La Golino “come il vento” in un racconto umano con poche polemiche (RECENSIONE)
Sarà per la necessità di trovare un ordine al caos del presente che il cinema italiano guarda sempre più spesso al passato, attraversandone i fatti più eclatanti dal punto di vista di quegli individui che, nel quotidiano, con ogni singola vita hanno costruito la storia. In “Come il vento”, fuori concorso al Festival del cinema di Roma 2013, Marco Simon Puccioni (Quello che cerchi, Riparo) ha scelto la figura di Armida Miserere, una delle prime donne a dirigere varie carceri italiane, in quanto simbolo di quel rigore morale che negli anni in cui la mafia più efferata teneva il Paese sotto scacco, costituiva l’unico antagonismo possibile.
Senza eroismi, senza proclami, silenziosamente, la storia di Armida racconta come la mafia può ucciderti isolandoti, corrodendo la realtà intorno per far crollare una ad una ogni ancora di sicurezza.
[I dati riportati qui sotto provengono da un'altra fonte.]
lemma card_legendre_sign_changes:
  "r \<le> card {y \<in> {-1<..<1}. odd (order y (legendre r))}" (is "_ \<le> card ?S")
proof (rule ccontr)
  \<comment> \<open>Otherwise P_r times the product q of its sign-change factors would have constant sign
    on (-1,1), yet integral 0 by orthogonality.\<close>
  assume "\<not> r \<le> card ?S"
  have "?S \<subseteq> legendre_zeros r"
    unfolding legendre_zeros_def by (auto simp: order_root elim: oddE)
  then have "finite ?S"
    using finite_legendre_zeros by (rule finite_subset)
  define q where "q = (\<Prod>y\<in>?S. [:-y, 1:])"
  have "degree q \<le> card ?S"
    unfolding q_def using degree_prod_sum_le[OF \<open>finite ?S\<close>, of "\<lambda>y. [:-y, 1:]"] by (simp add: o_def)
  with \<open>\<not> r \<le> card ?S\<close> have "degree q < r"
    by simp
  then have int0: "(poly (legendre r * q) has_integral 0) {-1..1}"
    unfolding poly_mult[abs_def] by (rule legendre_orthogonal)
  have "q \<noteq> 0"
    unfolding q_def using \<open>finite ?S\<close> by (subst prod_zero_iff) auto
  then have nz: "legendre r * q \<noteq> 0"
    by simp
  have "even (order y (legendre r * q))" if "y \<in> {-1<..<1}" for y
    using that nz \<open>finite ?S\<close> by (simp add: order_mult q_def order_prod_linear_factors)
  then consider "\<forall>x\<in>{-1<..<1}. 0 \<le> poly (legendre r * q) x"
    | "\<forall>x\<in>{-1<..<1}. 0 \<le> poly (- (legendre r * q)) x"
    using poly_constant_sign_if_even_orders[OF nz] by fastforce
  then show False
  proof cases
    case 1
    have "legendre r * q = 0"
      by (rule poly_nonneg_has_integral_0_imp_0[OF _ int0 1]) simp
    with nz show False ..
  next
    case 2
    have "(poly (- (legendre r * q)) has_integral 0) {-1..1}"
      using has_integral_neg[OF int0] by (simp add: poly_minus[abs_def])
    then have "- (legendre r * q) = 0"
      by (rule poly_nonneg_has_integral_0_imp_0[OF _ _ 2, rotated]) simp
    with nz show False
      by simp
  qed
qed

lemma legendre_zeros_eq_sign_changes:
  "legendre_zeros r = {y \<in> {-1<..<1}. odd (order y (legendre r))}" (is "?Z = ?S")
proof (rule card_subset_eq[symmetric])
  show "finite ?Z"
    by (rule finite_legendre_zeros)
  show "?S \<subseteq> ?Z"
    unfolding legendre_zeros_def by (auto simp: order_root elim: oddE)
  have "card ?Z \<le> r"
    using card_poly_roots_bound[of "legendre r"] by (simp add: legendre_zeros_def)
  then show "card ?S = card ?Z"
    using card_legendre_sign_changes[of r] card_mono[OF \<open>finite ?Z\<close> \<open>?S \<subseteq> ?Z\<close>] by simp
qed

lemma legendre_zeros_subset: "legendre_zeros r \<subseteq> {-1<..<1}"
  unfolding legendre_zeros_eq_sign_changes by blast

lemma card_legendre_zeros: "card (legendre_zeros r) = r"
proof (rule antisym)
  show "card (legendre_zeros r) \<le> r"
    using card_poly_roots_bound[of "legendre r"] by (simp add: legendre_zeros_def)
  show "r \<le> card (legendre_zeros r)"
    using card_legendre_sign_changes[of r] by (simp add: legendre_zeros_eq_sign_changes)
qed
Per questa donna minuta dai capelli chiari, è stato scelto il volto di Valeria Golino, attrice dallo sguardo malinconico e dai toni sommessi, che è riuscita a rivelare la tenacia con cui il suo personaggio, fin dove ne ha avuto la forza, ha cercato di restare umana e soprattutto, di restare donna. Dopo l’omicidio per mano della ‘ndrangheta del suo compagno Umberto Mormile (un Filippo Timi nei toni giusti), educatore presso il carcere di Opera quando lei dirigeva quello di Lodi, l’esistenza di Armida Miserere (“un nome, due tragedie”) è proseguita di trasferimento in trasferimento, una sigaretta dietro l’altra, nelle carceri più difficili, come quello di Pianosa, isola in cui era unica donna su 1500 uomini, e l’Ucciardone di Palermo, in cui ottenne l’applicazione senza deroghe del regime 41/bis.
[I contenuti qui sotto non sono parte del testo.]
lemma cpath_edges:
  "{{(cpath k :: 'a mv list) ! i, cpath k ! Suc i} | i. Suc i < length (cpath k :: 'a mv list)}
   = {{C 1, Vv 0}} \<union> {{Vv t, Vv (Suc t)} | t. t + 3 < k} \<union> {{Vv (k - 3), C 0}}"
  (is "?L = ?R")
proof
  show "?L \<subseteq> ?R"
  proof
    fix e assume "e \<in> ?L"
    then obtain i where i: "Suc i < k" "e = {(cpath k :: 'a mv list) ! i, cpath k ! Suc i}"
      using cpath_length by auto
    show "e \<in> ?R"
    proof (cases "i = 0 \<or> Suc i = k - 1")
      case True
      then show ?thesis
        using i cpath_consecutive[OF i(1)] by auto
    next
      case False
      then have "e = {Vv (i - 1), Vv (Suc (i - 1))}" "i - 1 + 3 < k"
        using i cpath_consecutive[OF i(1)] by auto
      then show ?thesis
        by blast
    qed
  qed
  have consecutive: "{(cpath k :: 'a mv list) ! i, cpath k ! Suc i} \<in> ?L" if "Suc i < k" for i
    using that cpath_length by auto
  have "{C 1, Vv 0} \<in> ?L"
    using consecutive[of 0] cpath_consecutive[of 0] k_ge_4 by simp
  moreover have "Suc (k - 2) < k" "k - 2 \<noteq> 0" "\<not> Suc (k - 2) < k - 1"
    using k_ge_4 by simp_all
  then have "{Vv (k - 3), C 0} \<in> ?L"
    using consecutive[of "k - 2"] cpath_consecutive[of "k - 2"] by simp
  moreover have "{Vv t, Vv (Suc t)} \<in> ?L" if "t + 3 < k" for t
  proof -
    have "Suc (Suc t) < k" "Suc (Suc t) < k - 1"
      using that by simp_all
    then show ?thesis
      using consecutive[of "Suc t"] cpath_consecutive[of "Suc t"] by simp
  qed
  ultimately show "?R \<subseteq> ?L"
    by blast
qed

abbreviation "VG \<equiv> constr_vertices k V x y"
abbreviation "EG \<equiv> constr_edges k E x y x0 x1 y0 y1"

lemma VG_iff:
  "v \<in> VG \<longleftrightarrow> (\<exists>i u. v = Hv i u \<and> i < k \<and> u \<in> V i \<and> u \<noteq> x i \<and> u \<noteq> y i) \<or>
     (\<exists>j<k. v = A j) \<or> (\<exists>j<k. v = B j) \<or> (\<exists>j<k. v = C j) \<or> (\<exists>t. v = Vv t \<and> t + 2 < k)"
  unfolding constr_vertices_def by auto

lemma EG_iff:
  "e \<in> EG \<longleftrightarrow>
    (\<exists>i u w. e = {Hv i u, Hv i w} \<and> i < k \<and> {u, w} \<in> E i \<and> x i \<notin> {u, w} \<and> y i \<notin> {u, w}) \<or>
    (\<exists>j<k. e = {A j, Hv j (y0 j)} \<or> e = {A j, Hv (succ_mod j) (x0 (succ_mod j))} \<or>
      e = {B j, Hv j (y1 j)} \<or> e = {B j, Hv (succ_mod j) (x1 (succ_mod j))} \<or>
      e = {A j, C j} \<or> e = {B j, C j}) \<or>
    e = {C 1, Vv 0} \<or> (\<exists>t. e = {Vv t, Vv (Suc t)} \<and> t + 3 < k) \<or> e = {Vv (k - 3), C 0} \<or>
    (\<exists>i. e = {C i, Vv (i - 2)} \<and> 2 \<le> i \<and> i < k)"
  unfolding constr_edges_def cpath_edges succ_mod_def[symmetric]
  by (simp only: Un_iff mem_Collect_eq UN_iff insert_iff empty_iff lessThan_iff Bex_def disj_assoc
      simp_thms)

lemma EG_cases:
  assumes "e \<in> EG"
  obtains (internal) i u w where "i < k" "e = {Hv i u, Hv i w}" "{u, w} \<in> E i" "x i \<notin> {u, w}" "y i \<notin> {u, w}"
  | (Ay) j where "j < k" "e = {A j, Hv j (y0 j)}"
  | (Ax) j where "j < k" "e = {A j, Hv (succ_mod j) (x0 (succ_mod j))}"
  | (By) j where "j < k" "e = {B j, Hv j (y1 j)}"
  | (Bx) j where "j < k" "e = {B j, Hv (succ_mod j) (x1 (succ_mod j))}"
  | (AC) j where "j < k" "e = {A j, C j}"
  | (BC) j where "j < k" "e = {B j, C j}"
  | (C1) "e = {C 1, Vv 0}"
  | (path) t where "t + 3 < k" "e = {Vv t, Vv (Suc t)}"
  | (C0) "e = {Vv (k - 3), C 0}"
  | (pendant) i where "2 \<le> i" "i < k" "e = {C i, Vv (i - 2)}"
  using assms unfolding EG_iff by (elim disjE exE conjE) (rule that; assumption)+

lemma EG_memberI:
  assumes "j < k"
  shows "{A j, Hv j (y0 j)} \<in> EG" "{A j, Hv (succ_mod j) (x0 (succ_mod j))} \<in> EG"
    "{B j, Hv j (y1 j)} \<in> EG" "{B j, Hv (succ_mod j) (x1 (succ_mod j))} \<in> EG"
    "{A j, C j} \<in> EG" "{B j, C j} \<in> EG"
  using assms unfolding EG_iff by (simp_all add: doubleton_eq_iff) blast+

lemma EG_internalI:
  "i < k \<Longrightarrow> {u, w} \<in> E i \<Longrightarrow> x i \<notin> {u, w} \<Longrightarrow> y i \<notin> {u, w} \<Longrightarrow> {Hv i u, Hv i w} \<in> EG"
  by (simp add: EG_iff doubleton_eq_iff) blast

lemma EG_pathI:
  "{C 1, Vv 0} \<in> EG" "t + 3 < k \<Longrightarrow> {Vv t, Vv (Suc t)} \<in> EG" "{Vv (k - 3), C 0} \<in> EG"
  "2 \<le> i \<Longrightarrow> i < k \<Longrightarrow> {C i, Vv (i - 2)} \<in> EG"
  unfolding EG_iff by (simp_all add: doubleton_eq_iff) blast

section \<open>The colouring of the construction\<close>

definition colour :: "'a mv set \<Rightarrow> nat set" where
  "colour e = {m. m < 6 \<and>
     ((\<exists>i u w. i < k \<and> e = {Hv i u, Hv i w} \<and> {u, w} \<in> cover i m) \<or>
      (\<exists>j<k. e = {A j, Hv j (y0 j)} \<and> {y j, y0 j} \<in> cover j m) \<or>
      (\<exists>j<k. e = {A j, Hv (succ_mod j) (x0 (succ_mod j))}
         \<and> {x (succ_mod j), x0 (succ_mod j)} \<in> cover (succ_mod j) m) \<or>
      (\<exists>j<k. e = {B j, Hv j (y1 j)} \<and> {y j, y1 j} \<in> cover j m) \<or>
      (\<exists>j<k. e = {B j, Hv (succ_mod j) (x1 (succ_mod j))}
         \<and> {x (succ_mod j), x1 (succ_mod j)} \<in> cover (succ_mod j) m) \<or>
      (\<exists>j<k. e = {A j, C j} \<and> {y j, y0 j} \<notin> cover j m
         \<and> {x (succ_mod j), x0 (succ_mod j)} \<notin> cover (succ_mod j) m) \<or>
      (\<exists>j<k. e = {B j, C j} \<and> {y j, y1 j} \<notin> cover j m
         \<and> {x (succ_mod j), x1 (succ_mod j)} \<notin> cover (succ_mod j) m) \<or>
      (e = {C 1, Vv 0} \<and> m \<in> {0, 1}) \<or>
      (\<exists>t. t + 3 < k \<and> e = {Vv t, Vv (Suc t)} \<and> m \<in> path_colours t) \<or>
      (e = {Vv (k - 3), C 0} \<and> m \<in> {0, 1}) \<or>
      (\<exists>i. 2 \<le> i \<and> i < k \<and> e = {C i, Vv (i - 2)} \<and> m \<in> {4, 5}))}"

lemma colour_subset: "colour e \<subseteq> {..<6}"
  unfolding colour_def by auto

lemma colour_internal: "i < k \<Longrightarrow> colour {Hv i u, Hv i w} = colours (cover i) {u, w}"
  unfolding colour_def colours_def by (auto simp: doubleton_eq_iff insert_commute)

lemma colour_attached:
  assumes "j < k"
  shows "colour {A j, Hv j (y0 j)} = cy0 j"
    "colour {A j, Hv (succ_mod j) (x0 (succ_mod j))} = cx0 (succ_mod j)"
    "colour {B j, Hv j (y1 j)} = cy1 j"
    "colour {B j, Hv (succ_mod j) (x1 (succ_mod j))} = cx1 (succ_mod j)"
  using succ_mod_neq[OF assms] assms unfolding colour_def colours_def by (auto simp: doubleton_eq_iff)

lemma colour_junction:
  assumes "j < k"
  shows "colour {A j, C j} = {..<6} - (cy0 j \<union> cx0 (succ_mod j))"
    "colour {B j, C j} = {..<6} - (cy1 j \<union> cx1 (succ_mod j))"
  using assms unfolding colour_def colours_def by (auto simp: doubleton_eq_iff)

lemma colour_path:
  "colour {C 1, Vv 0} = {0, 1}" "t + 3 < k \<Longrightarrow> colour {Vv t, Vv (Suc t)} = path_colours t"
  "colour {Vv (k - 3), C 0} = {0, 1}" "2 \<le> i \<Longrightarrow> i < k \<Longrightarrow> colour {C i, Vv (i - 2)} = {4, 5}"
  unfolding colour_def path_colours_def by (auto simp: doubleton_eq_iff)

lemma edges_at_A:
  assumes j: "j < k"
  shows "{e \<in> EG. A j \<in> e} = {{A j, Hv j (y0 j)}, {A j, Hv (succ_mod j) (x0 (succ_mod j))}, {A j, C j}}"
proof
  show "{e \<in> EG. A j \<in> e} \<subseteq> {{A j, Hv j (y0 j)}, {A j, Hv (succ_mod j) (x0 (succ_mod j))}, {A j, C j}}"
  proof (intro subsetI, elim CollectE conjE)
    fix e assume "e \<in> EG" "A j \<in> e"
    then show "e \<in> {{A j, Hv j (y0 j)}, {A j, Hv (succ_mod j) (x0 (succ_mod j))}, {A j, C j}}"
      by (cases rule: EG_cases) auto
  qed
  show "{{A j, Hv j (y0 j)}, {A j, Hv (succ_mod j) (x0 (succ_mod j))}, {A j, C j}} \<subseteq> {e \<in> EG. A j \<in> e}"
    using EG_memberI[OF j] by auto
qed

lemma edges_at_B:
  assumes j: "j < k"
  shows "{e \<in> EG. B j \<in> e} = {{B j, Hv j (y1 j)}, {B j, Hv (succ_mod j) (x1 (succ_mod j))}, {B j, C j}}"
proof
  show "{e \<in> EG. B j \<in> e} \<subseteq> {{B j, Hv j (y1 j)}, {B j, Hv (succ_mod j) (x1 (succ_mod j))}, {B j, C j}}"
  proof (intro subsetI, elim CollectE conjE)
    fix e assume "e \<in> EG" "B j \<in> e"
    then show "e \<in> {{B j, Hv j (y1 j)}, {B j, Hv (succ_mod j) (x1 (succ_mod j))}, {B j, C j}}"
      by (cases rule: EG_cases) auto
  qed
  show "{{B j, Hv j (y1 j)}, {B j, Hv (succ_mod j) (x1 (succ_mod j))}, {B j, C j}} \<subseteq> {e \<in> EG. B j \<in> e}"
    using EG_memberI[OF j] by auto
qed

definition third_edge :: "nat \<Rightarrow> 'a mv set" where
  "third_edge j = (if j = 0 then {Vv (k - 3), C 0} else if j = 1 then {C 1, Vv 0} else {C j, Vv (j - 2)})"

lemma edges_at_C:
  assumes j: "j < k"
  shows "{e \<in> EG. C j \<in> e} = {{A j, C j}, {B j, C j}, third_edge j}"
proof
  show "{e \<in> EG. C j \<in> e} \<subseteq> {{A j, C j}, {B j, C j}, third_edge j}"
  proof (intro subsetI, elim CollectE conjE)
    fix e assume "e \<in> EG" "C j \<in> e"
    then show "e \<in> {{A j, C j}, {B j, C j}, third_edge j}"
      by (cases rule: EG_cases) (auto simp: third_edge_def)
  qed
  have "third_edge j \<in> EG"
    unfolding third_edge_def using EG_pathI(1,3) EG_pathI(4)[of j] j by auto
  then show "{{A j, C j}, {B j, C j}, third_edge j} \<subseteq> {e \<in> EG. C j \<in> e}"
    using EG_memberI(5,6)[OF j] by (auto simp: third_edge_def)
qed

lemma colour_third_edge: "j < k \<Longrightarrow> colour (third_edge j) = junction_colours j"
  unfolding third_edge_def junction_colours_def using colour_path(1,3) colour_path(4)[of j] by auto

definition left_edge :: "nat \<Rightarrow> 'a mv set" where
  "left_edge t = (if t = 0 then {C 1, Vv 0} else {Vv (t - 1), Vv t})"

definition right_edge :: "nat \<Rightarrow> 'a mv set" where
  "right_edge t = (if t + 3 = k then {Vv (k - 3), C 0} else {Vv t, Vv (Suc t)})"

lemma edges_at_Vv:
  assumes t: "t + 2 < k"
  shows "{e \<in> EG. Vv t \<in> e} = {left_edge t, right_edge t, {C (t + 2), Vv t}}"
proof
  show "{e \<in> EG. Vv t \<in> e} \<subseteq> {left_edge t, right_edge t, {C (t + 2), Vv t}}"
  proof (intro subsetI, elim CollectE conjE)
    fix e assume "e \<in> EG" "Vv t \<in> e"
    then show "e \<in> {left_edge t, right_edge t, {C (t + 2), Vv t}}"
      using t k_ge_4 by (cases rule: EG_cases) (auto simp: left_edge_def right_edge_def)
  qed
  show "{left_edge t, right_edge t, {C (t + 2), Vv t}} \<subseteq> {e \<in> EG. Vv t \<in> e}"
    unfolding left_edge_def right_edge_def
    using EG_pathI(1,3) EG_pathI(2)[of "t - 1"] EG_pathI(2)[of t] EG_pathI(4)[of "t + 2"] t by auto
qed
I fatti ci sono tutti, sebbene soltanto sfiorati: l’omicidio dell’ufficiale Montalto, l’arresto di Giovanni Brusca e le sue rivelazioni, il ricordo di Falcone e Borsellino. Ma “Come il vento” non è un film di mafia, come dimostra la grande quantità di immagini girate in primo piano sulla Golino: è un film sulla solitudine di una donna la cui forza non è bastata, che sceglie di andarsene perché i successi e gli attestati di stima, così come la condivisione della vita con agenti e magistrati, non potevano colmare il vuoto immenso di una vita senza amore. Forse è stato proprio lo Stato a chiederle troppo, ad impedirle in fondo di trovare una serenità con una vita più tranquilla?
Il film non sollecita polemiche tenendosi sempre sul filo di un racconto “umano”, eppure è difficile non porsi questa domanda. Possibile che quel crescendo di tragedia, così ben evidente nel film, fosse invisibile nella realtà, dopo le intimidazioni e i continui spostamenti? Una vita consacrata ad una causa, quella dell’integrità morale, che ha trovato conferme nel rispetto che Armida è riuscita ad ottenere in un contesto di uomini e di violenti, ma che non ha mai trovato il conforto di un nuovo amore. Un film che sconta questa severità, nelle sue atmosfere necessariamente cupe, ma che è importante per la ricostruzione della vita di quei giusti che la mafia ha distrutto senza clamore ma con uguale violenza.